Frontière du Cambodge

Si vous cherchez des informations au sujet de ce trajet sur Internet, vous trouverez des tonnes de messages assez effrayants sur les forums à propos de la frontière entre la Thaïlande et le Cambodge, au niveau de Poipet. Pas étonnant, vu combien ce voyage est folklorique, long et compliqué. Nous y avons survécu mais pas notre porte-monnaie !

Nous quittons Kaoh San Road à Bangkok un jeudi à 8h du matin en minibus avec 9 autres touristes. Ce matin là, nous ne sommes pas les seuls à quitter la capitale thaïlandaise car les inondations menacent la ville et les habitants bénéficient d’un week-end de 5 jours pour s’occuper de leurs habitations ou celles de leurs proches. Non loin de la frontière, nous nous retrouvons bloqués pendant 1h à une station essence avec des dizaines et des dizaines de bus, voitures et camions en attendant un ravitaillement. Après 7h de route, nous arrivons à la frontière, enfin presque.

Le minibus nous dépose dans une sorte d’agence où nous sommes bien accueillis et invités à remplir les papiers pour le visa.

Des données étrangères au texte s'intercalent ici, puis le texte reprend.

lemma frequently_param_nhds_Suc:
  assumes f: "depends_on_first n f" and P: "frequently (\<lambda>ws. P (f ws)) (param_nhds n)"
  shows "frequently (\<lambda>ws. P (f ws)) (param_nhds (Suc n))"
  unfolding frequently_param_nhds
proof (intro allI impI)
  fix \<delta> :: real assume "\<delta> > 0"
  then obtain ws where ws: "\<forall>j\<in>{1..n}. norm (ws j) < \<delta>" "P (f ws)"
    using P unfolding frequently_param_nhds by blast
  have "f (ws(Suc n := 0)) = f ws" using f by (simp add: depends_on_first_def)
  then show "\<exists>ws. (\<forall>j\<in>{1..Suc n}. norm (ws j) < \<delta>) \<and> P (f ws)"
    using ws \<open>\<delta> > 0\<close> by (intro exI[of _ "ws(Suc n := 0)"]) (auto simp: le_Suc_eq)
qed

definition coord_line :: "(nat \<Rightarrow> complex^'m) \<Rightarrow> nat \<Rightarrow> 'm \<Rightarrow> complex \<Rightarrow> nat \<Rightarrow> complex^'m" where
  "coord_line ws j i c = ws(j := vupd (ws j) i c)"

lemma coord_line_self [simp]: "coord_line ws j i (ws j $ i) = ws"
  by (auto simp: coord_line_def vupd_def vec_eq_iff fun_eq_iff)

lemma cj_coord_line: "(\<lambda>l. cj (coord_line ws j i c l)) = coord_line (\<lambda>j. cj (ws j)) j i (cnj c)"
  by (auto simp: coord_line_def vupd_def vec_eq_iff)

lemma has_cderiv_coord_line: "has_cderiv (\<lambda>c. coord_line ws j i c k) (if j = k then axis i 1 else 0) z"
  by (cases "j = k") (simp_all add: coord_line_def has_cderiv_vupd has_cderiv_const)

lemma jac_cols_coord_line:
  "jac_cols F k ws = {(\<chi> r. deriv (\<lambda>c. F (coord_line ws j i c) $ r) (ws j $ i)) | j i. j \<in> {1..k}}"
  unfolding jac_cols_def coord_line_def ..

lemma jac_cols_eqI:
  assumes "\<And>j i. j \<in> {1..k} \<Longrightarrow> has_cderiv (\<lambda>c. F (coord_line ws j i c)) (col j i) (ws j $ i)"
  shows "jac_cols F k ws = {col j i | j i. j \<in> {1..k}}"
  unfolding jac_cols_coord_line using has_cderiv_imp_deriv[OF assms] by metis

definition cdifferentiable_along_lines ::
  "((nat \<Rightarrow> complex^'m::finite) \<Rightarrow> complex^'r::finite) \<Rightarrow> (nat \<Rightarrow> complex^'m) \<Rightarrow> bool" where
  "cdifferentiable_along_lines F ws \<longleftrightarrow>
     (\<forall>j i. \<exists>v. has_cderiv (\<lambda>c. F (coord_line ws j i c)) v (ws j $ i))"

lemma rank_at_le: "rank_at (F :: (nat \<Rightarrow> complex^'m::finite) \<Rightarrow> complex^'r::finite) k ws \<le> CARD('r)"
  unfolding rank_at_def using vec.dim_subset[of _ UNIV] vec.dim_UNIV card_cart_basis
  by (metis subset_UNIV)

lemma depends_on_first_rank_at:
  fixes F :: "(nat \<Rightarrow> complex^'m::finite) \<Rightarrow> complex^'r::finite"
  assumes "depends_on_first n F" shows "depends_on_first n (rank_at F n)"
  unfolding depends_on_first_def
proof (intro allI impI)
  fix ws ws' :: "nat \<Rightarrow> complex^'m" assume eq: "\<forall>j\<in>{1..n}. ws j = ws' j"
  have "F (coord_line ws j i c) = F (coord_line ws' j i c)" if "j \<in> {1..n}" for j i c
    using assms eq that unfolding depends_on_first_def coord_line_def by simp
  then have "(\<chi> r. deriv (\<lambda>c. F (coord_line ws j i c) $ r) (ws j $ i))
      = (\<chi> r. deriv (\<lambda>c. F (coord_line ws' j i c) $ r) (ws' j $ i))" if "j \<in> {1..n}" for j i
    using eq that by simp
  then have "jac_cols F n ws = jac_cols F n ws'"
    unfolding jac_cols_coord_line by (auto; metis)
  then show "rank_at F n ws = rank_at F n ws'" by (simp add: rank_at_def)
qed

lemma gen_rk_eq_iff:
  fixes F :: "(nat \<Rightarrow> complex^'m::finite) \<Rightarrow> complex^'r::finite"
  shows "gen_rk F k = g \<longleftrightarrow>
    frequently (\<lambda>ws. g \<le> rank_at F k ws) (param_nhds k) \<and>
    eventually (\<lambda>ws. rank_at F k ws \<le> g) (param_nhds k)"
proof -
  define R where "R r \<longleftrightarrow> frequently (\<lambda>ws. r \<le> rank_at F k ws) (param_nhds k)" for r
  have gen: "gen_rk F k = (GREATEST r. R r)"
    by (simp add: gen_rk_def R_def frequently_param_nhds)
  have ev: "eventually (\<lambda>ws. rank_at F k ws \<le> r) (param_nhds k) \<longleftrightarrow> \<not> R (Suc r)" for r
    by (simp add: R_def not_frequently not_less_eq_eq)
  have down: "R r'" if "R r" "r' \<le> r" for r r'
    using that unfolding R_def by (auto elim: frequently_elim1)
  have bound: "r \<le> CARD('r)" if "R r" for r
    using frequently_ex[OF that[unfolded R_def]] rank_at_le le_trans by blast
  show ?thesis
    unfolding gen ev R_def[symmetric]
  proof
    assume g: "(GREATEST r. R r) = g"
    have "R 0" by (simp add: R_def)
    then have "R g" using GreatestI_nat[of R 0 "CARD('r)"] bound g by blast
    moreover have "\<not> R (Suc g)" using Greatest_le_nat[of R "Suc g" "CARD('r)"] bound g by auto
    ultimately show "R g \<and> \<not> R (Suc g)" ..
  next
    assume g: "R g \<and> \<not> R (Suc g)"
    show "(GREATEST r. R r) = g"
    proof (rule Greatest_equality)
      show "y \<le> g" if "R y" for y
        using g down[OF that, of "Suc g"] by (metis not_less_eq_eq)
    qed (use g in blast)
  qed
qed

lemma gen_rk_0: "gen_rk (F :: (nat \<Rightarrow> complex^'m::finite) \<Rightarrow> complex^'r::finite) 0 = 0"
proof -
  have "rank_at F 0 ws = 0" for ws by (simp add: rank_at_def jac_cols_def)
  then show ?thesis by (simp add: gen_rk_eq_iff)
qed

Puis, la personne en relation avec nous, que nous nommerons Bobby pour faire simple, nous demande 1 200 bahts par personne pour aller faire les visas. Tout de suite, nous répondons non, puisque nous savons que le visa coûte normalement 20 dollars, soit 600 bahts. Le problème c’est que cette frontière est particulièrement propice aux escroqueries, nous savions à quoi nous attendre. Face à notre réticence et nos questions, Bobby commence très rapidement à s’énerver, nous répète qu’on a pas le choix et que si on part à la frontière de nous-même le bus côté Cambodge ne nous attendra pas, etc, etc. Nous nous sentons dès lors bloqués, puisque nous avons payé dans une agence à Bangkok un bus pour aller jusqu’à la frontière, puis un autre bus pour aller de Poipet à Siem Reap. Nous ne savons pas où nous sommes et si cet endroit se trouve près de la frontière, si nous partons seuls aurons-nous le bus, nous y amèneront-ils ? Toutes ces interrogations et le fait que tous les autres touristes présents consentent à payer nous contraignent à le faire également. Une demi-heure plus tard, nos visas sont prêts, on nous emmène à la frontière.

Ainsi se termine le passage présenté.